Wir haben uns im Ausschuss intensiv mit der Studie „Rehabilitation und Entschädigung nach Vollstreckung einer Freiheitsstrafe und erfolgreicher Wiederaufnahme“ beschäftigt, die von der Kriminologischen Zentralstelle in Wiesbaden erstellt worden ist. Dort gab es ganz klare Empfehlungen, die an die Politik auf Bundes- und Landesebene adressiert worden sind, und zwar dahin gehend, dass es zu Verbesserungen kommen muss.

Dabei geht es zum einen ‑ das ist schon angesprochen worden ‑ um die Haftentschädigung. Sie ist von 25 Euro auf 75 Euro erhöht worden. Aus Niedersachsen heraus haben wir uns dafür eingesetzt, dass das passiert. Wir hatten für die Haftstrafen sogar eine höhere Entschädigung von 100 Euro gefordert. Es ist gut, dass die Entschädigung jetzt angemessen ist – wobei man eine Freiheitsstrafe natürlich mit Geld nicht entschädigen kann. Insofern ist das ein Stück weit auch eine symbolische Entschädigung.

Die andere Frage ist ‑ und da sind wir als Landesgesetzgeber und Land in der Pflicht ‑: Wie können wir Strukturen schaffen, die den Betroffenen helfen und es ihnen ermöglichen, wieder in die Gesellschaft zurückzufinden? Dazu haben wir hier drei Punkte formuliert.

Wir wollen die Straffälligenhilfe nutzen, die die Expertise hat und über gute Netzwerke verfügt, mit denen sie Straffälligen hilft. Es ist in der Tat schwierig, dass man Menschen, die zu Unrecht in Haft waren, jetzt aufgibt oder vielleicht auch zumutet, zu einer solchen Stelle zu gehen. Deswegen wollen wir das so organisieren, dass es ein aufsuchendes Angebot ist, dass also die Mitarbeitenden der Straffälligenhilfe auf die Menschen zukommen.

Wir werden eine Schnittstelle bei dem freisprechenden Gericht einrichten, um sicherzustellen, dass das Angebot auch schnell bei den Menschen ist. Denn es ist in der Tat so, dass das ‑ anders als bei Strafhaft, wo man ja über das Übergangsmanagement auf die Zeit nach der Haft vorbereitet wird ‑ relativ kurzfristig geschieht.

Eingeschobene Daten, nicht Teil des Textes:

(* Let $(X,d)$ and $(\Lambda,d_\Lambda)$ be compact metric spaces, let $\tau:\Lambda\times X\to X$ be continuous, and let $q:X\to\mathcal{P}(\Lambda)$, $x\mapsto q_x$, be continuous. Assume: (W1) for every $\lambda\in\Lambda$ the map $\tau_\lambda$ is $1$-Lipschitz on $X$; (CP1) there are an integer $M\ge 1$ and $0<s<1$ such that for every $\lambda^M\in\Lambda^M$ the map $\tau_{\lambda^M}$ is $s$-Lipschitz on $X$; (H2) there is $r\ge 0$ with $d(\tau(\lambda_1,x),\tau(\lambda_2,x))\le r\,d_\Lambda(\lambda_1,\lambda_2)$ for all $\lambda_1,\lambda_2\in\Lambda$, $x\in X$; (H3) there is $t\ge 0$ with $d_{MK}(q_x,q_y)\le t\,d(x,y)$ for all $x,y\in X$; (H4) $q_x(A)>0$ for every nonempty open set $A\subseteq\Lambda$ and every $x\in X$. Suppose $s+r\,M\,t<1$. Then: (1) there is a unique nonempty compact set $A_{\mathcal R}\subseteq X$ with $F_{\mathcal R}(A_{\mathcal R})=A_{\mathcal R}$, and for every nonempty compact $B\subseteq X$, $F_{\mathcal R}^k(B)\to A_{\mathcal R}$ in the Hausdorff distance; (2) there is a unique $\mu_{\mathcal R}\in\mathcal{P}(X)$ with $T_q(\mu_{\mathcal R})=\mu_{\mathcal R}$, and for every $\nu\in\mathcal{P}(X)$, $T_q^k(\nu)\to\mu_{\mathcal R}$ in the Monge–Kantorovich distance; (3) $\operatorname{supp}(\mu_{\mathcal R})=A_{\mathcal R}$.
   Context: $\mathcal{P}(Y)$ denotes the set of Borel probability measures on a compact metric space $Y$, with the Monge–Kantorovich distance $d_{MK}(\mu,\nu)=\sup_{f\in \mathrm{Lip}_1(Y)}\{\int f\,d\mu-\int f\,d\nu\}$, where $\mathrm{Lip}_1(Y)$ is the set of real $1$-Lipschitz functions on $Y$. Write $\tau_\lambda(x)=\tau(\lambda,x)$, and for $\lambda^k=(\lambda_0,\dots,\lambda_{k-1})\in\Lambda^k$, $\tau_{\lambda^k}=\tau_{\lambda_{k-1}}\circ\cdots\circ\tau_{\lambda_0}$. The Hutchinson–Barnsley (fractal) operator on the nonempty compact subsets of $X$ is $F_{\mathcal R}(B)=\bigcup_{\lambda\in\Lambda}\tau_\lambda(B)$. The transfer operator is $B_q(f)(x)=\int_\Lambda f(\tau(\lambda,x))\,dq_x(\lambda)$ for $f\in C(X)$, and the Markov operator $T_q:\mathcal{P}(X)\to\mathcal{P}(X)$ is defined by $\int f\,dT_q(\mu)=\int B_q(f)\,d\mu$ for all $f\in C(X)$. $T_q^k$, $F_{\mathcal R}^k$ are $k$-th iterates. *)

theory Defs
  imports "HOL-Analysis.Analysis" "HOL-Probability.Probability"
begin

Da muss natürlich auch schnell das Hilfsangebot vermittelt werden.

Ein letzter Punkt ist die Rehabilitation. Menschen haben eine Lücke in ihrem Lebenslauf, wenn sie in Haft waren. Bislang war es so, dass man nur das freisprechende Urteil hatte, mit dem man diese Lücke im Lebenslauf darstellen konnte. Das ist natürlich schwierig, auch im Hinblick auf z. B. Gespräche mit künftigen Arbeitgebern. Deswegen ist es sinnvoll, dass wir ein Bestätigungsschreiben haben werden, das das MJ diesen Menschen zur Verfügung stellt, mit dem sie dann hoffentlich eine bessere Chance auf dem Arbeitsmarkt haben.

Ich glaube, dass wir mit diesen drei Punkten die Situation verbessern werden. Wir müssen dann in der Zukunft schauen, ob das klappt und ob das ausreichend ist. Wir müssen es evaluieren und gegebenenfalls nachbessern.

Vielen Dank für Ihre Aufmerksamkeit.